**EXERCISE AIM**
Using the records below, output the stretch that opens with the line containing "finally show ?thesis" and closes with the line containing "using sum_vec_of_Plus[OF fin]", exactly and including both lines, with nothing more.

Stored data
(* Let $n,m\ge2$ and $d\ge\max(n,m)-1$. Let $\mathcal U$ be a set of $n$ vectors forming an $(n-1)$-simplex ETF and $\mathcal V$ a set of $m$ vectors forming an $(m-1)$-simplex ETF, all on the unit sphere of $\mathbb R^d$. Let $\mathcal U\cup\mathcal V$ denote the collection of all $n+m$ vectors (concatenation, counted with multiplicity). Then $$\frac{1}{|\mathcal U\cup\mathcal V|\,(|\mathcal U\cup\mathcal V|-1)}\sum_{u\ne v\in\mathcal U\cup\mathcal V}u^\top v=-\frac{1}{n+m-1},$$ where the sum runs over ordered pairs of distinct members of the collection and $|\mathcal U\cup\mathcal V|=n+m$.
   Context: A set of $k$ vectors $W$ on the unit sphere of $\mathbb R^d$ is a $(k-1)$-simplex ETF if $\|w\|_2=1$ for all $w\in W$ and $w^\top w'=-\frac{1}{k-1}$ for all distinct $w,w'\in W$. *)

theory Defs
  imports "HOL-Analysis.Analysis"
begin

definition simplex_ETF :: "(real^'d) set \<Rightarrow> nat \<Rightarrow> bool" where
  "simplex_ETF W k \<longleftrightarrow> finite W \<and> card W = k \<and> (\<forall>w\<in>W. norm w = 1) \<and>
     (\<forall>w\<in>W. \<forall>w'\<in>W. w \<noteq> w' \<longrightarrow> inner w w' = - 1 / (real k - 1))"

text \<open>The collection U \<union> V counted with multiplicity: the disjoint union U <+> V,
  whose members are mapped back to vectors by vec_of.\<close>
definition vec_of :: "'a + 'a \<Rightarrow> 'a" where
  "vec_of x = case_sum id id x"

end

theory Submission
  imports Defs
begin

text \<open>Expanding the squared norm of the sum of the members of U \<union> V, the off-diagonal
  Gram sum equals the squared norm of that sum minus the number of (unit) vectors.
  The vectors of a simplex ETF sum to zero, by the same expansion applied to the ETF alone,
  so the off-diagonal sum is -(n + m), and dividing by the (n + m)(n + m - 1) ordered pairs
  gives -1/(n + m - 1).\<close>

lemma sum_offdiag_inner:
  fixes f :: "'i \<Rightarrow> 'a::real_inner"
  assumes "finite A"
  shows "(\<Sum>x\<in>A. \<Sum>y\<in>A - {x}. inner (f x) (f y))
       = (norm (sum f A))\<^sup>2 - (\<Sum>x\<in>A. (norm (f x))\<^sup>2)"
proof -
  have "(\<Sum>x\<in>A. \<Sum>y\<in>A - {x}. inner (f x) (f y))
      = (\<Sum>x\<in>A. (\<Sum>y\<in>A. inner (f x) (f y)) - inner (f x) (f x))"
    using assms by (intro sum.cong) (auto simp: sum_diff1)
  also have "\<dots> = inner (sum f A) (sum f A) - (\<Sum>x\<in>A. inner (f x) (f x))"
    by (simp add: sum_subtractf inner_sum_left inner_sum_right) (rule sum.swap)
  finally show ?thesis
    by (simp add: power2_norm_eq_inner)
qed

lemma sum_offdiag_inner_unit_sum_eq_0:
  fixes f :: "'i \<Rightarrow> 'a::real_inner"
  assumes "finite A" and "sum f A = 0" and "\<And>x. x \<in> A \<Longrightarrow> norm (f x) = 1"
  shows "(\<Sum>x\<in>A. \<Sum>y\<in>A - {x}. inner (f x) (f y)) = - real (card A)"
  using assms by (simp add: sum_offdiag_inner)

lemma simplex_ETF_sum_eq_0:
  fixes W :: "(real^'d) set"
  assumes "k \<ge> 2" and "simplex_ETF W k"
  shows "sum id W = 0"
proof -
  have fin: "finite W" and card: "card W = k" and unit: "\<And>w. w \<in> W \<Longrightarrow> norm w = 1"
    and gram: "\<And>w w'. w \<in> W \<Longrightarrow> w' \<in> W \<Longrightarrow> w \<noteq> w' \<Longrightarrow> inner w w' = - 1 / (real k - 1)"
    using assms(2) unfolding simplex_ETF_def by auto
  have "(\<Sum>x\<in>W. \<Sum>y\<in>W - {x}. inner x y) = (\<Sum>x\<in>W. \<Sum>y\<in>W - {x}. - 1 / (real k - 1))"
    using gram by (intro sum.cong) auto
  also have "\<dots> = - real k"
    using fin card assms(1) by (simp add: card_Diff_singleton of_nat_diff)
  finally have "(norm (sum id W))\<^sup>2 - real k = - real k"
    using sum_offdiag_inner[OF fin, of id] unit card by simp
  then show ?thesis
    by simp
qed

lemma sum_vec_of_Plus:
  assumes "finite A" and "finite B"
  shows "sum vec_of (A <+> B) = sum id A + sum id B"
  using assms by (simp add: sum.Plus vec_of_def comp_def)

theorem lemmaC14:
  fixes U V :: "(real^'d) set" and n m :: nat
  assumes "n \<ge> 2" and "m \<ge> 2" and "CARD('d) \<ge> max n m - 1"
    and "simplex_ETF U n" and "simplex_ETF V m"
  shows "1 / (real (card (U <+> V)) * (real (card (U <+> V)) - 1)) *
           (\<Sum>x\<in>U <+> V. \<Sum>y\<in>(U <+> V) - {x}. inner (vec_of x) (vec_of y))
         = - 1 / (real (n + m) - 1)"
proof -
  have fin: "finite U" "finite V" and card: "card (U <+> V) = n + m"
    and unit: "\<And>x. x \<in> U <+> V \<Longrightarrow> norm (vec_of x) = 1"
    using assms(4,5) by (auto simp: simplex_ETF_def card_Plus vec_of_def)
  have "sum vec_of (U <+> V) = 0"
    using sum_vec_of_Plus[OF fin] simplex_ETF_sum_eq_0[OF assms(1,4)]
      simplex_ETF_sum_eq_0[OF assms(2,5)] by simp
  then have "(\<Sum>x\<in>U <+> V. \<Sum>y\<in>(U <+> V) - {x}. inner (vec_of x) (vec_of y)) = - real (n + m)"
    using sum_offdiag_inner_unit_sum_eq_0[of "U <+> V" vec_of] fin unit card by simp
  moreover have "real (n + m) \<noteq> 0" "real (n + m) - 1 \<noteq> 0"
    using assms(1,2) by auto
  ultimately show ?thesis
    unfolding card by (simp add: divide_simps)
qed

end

**RESPONSE BELOW**
  finally show ?thesis
    by (simp add: power2_norm_eq_inner)
qed

lemma sum_offdiag_inner_unit_sum_eq_0:
  fixes f :: "'i \<Rightarrow> 'a::real_inner"
  assumes "finite A" and "sum f A = 0" and "\<And>x. x \<in> A \<Longrightarrow> norm (f x) = 1"
  shows "(\<Sum>x\<in>A. \<Sum>y\<in>A - {x}. inner (f x) (f y)) = - real (card A)"
  using assms by (simp add: sum_offdiag_inner)

lemma simplex_ETF_sum_eq_0:
  fixes W :: "(real^'d) set"
  assumes "k \<ge> 2" and "simplex_ETF W k"
  shows "sum id W = 0"
proof -
  have fin: "finite W" and card: "card W = k" and unit: "\<And>w. w \<in> W \<Longrightarrow> norm w = 1"
    and gram: "\<And>w w'. w \<in> W \<Longrightarrow> w' \<in> W \<Longrightarrow> w \<noteq> w' \<Longrightarrow> inner w w' = - 1 / (real k - 1)"
    using assms(2) unfolding simplex_ETF_def by auto
  have "(\<Sum>x\<in>W. \<Sum>y\<in>W - {x}. inner x y) = (\<Sum>x\<in>W. \<Sum>y\<in>W - {x}. - 1 / (real k - 1))"
    using gram by (intro sum.cong) auto
  also have "\<dots> = - real k"
    using fin card assms(1) by (simp add: card_Diff_singleton of_nat_diff)
  finally have "(norm (sum id W))\<^sup>2 - real k = - real k"
    using sum_offdiag_inner[OF fin, of id] unit card by simp
  then show ?thesis
    by simp
qed

lemma sum_vec_of_Plus:
  assumes "finite A" and "finite B"
  shows "sum vec_of (A <+> B) = sum id A + sum id B"
  using assms by (simp add: sum.Plus vec_of_def comp_def)

theorem lemmaC14:
  fixes U V :: "(real^'d) set" and n m :: nat
  assumes "n \<ge> 2" and "m \<ge> 2" and "CARD('d) \<ge> max n m - 1"
    and "simplex_ETF U n" and "simplex_ETF V m"
  shows "1 / (real (card (U <+> V)) * (real (card (U <+> V)) - 1)) *
           (\<Sum>x\<in>U <+> V. \<Sum>y\<in>(U <+> V) - {x}. inner (vec_of x) (vec_of y))
         = - 1 / (real (n + m) - 1)"
proof -
  have fin: "finite U" "finite V" and card: "card (U <+> V) = n + m"
    and unit: "\<And>x. x \<in> U <+> V \<Longrightarrow> norm (vec_of x) = 1"
    using assms(4,5) by (auto simp: simplex_ETF_def card_Plus vec_of_def)
  have "sum vec_of (U <+> V) = 0"
    using sum_vec_of_Plus[OF fin] simplex_ETF_sum_eq_0[OF assms(1,4)]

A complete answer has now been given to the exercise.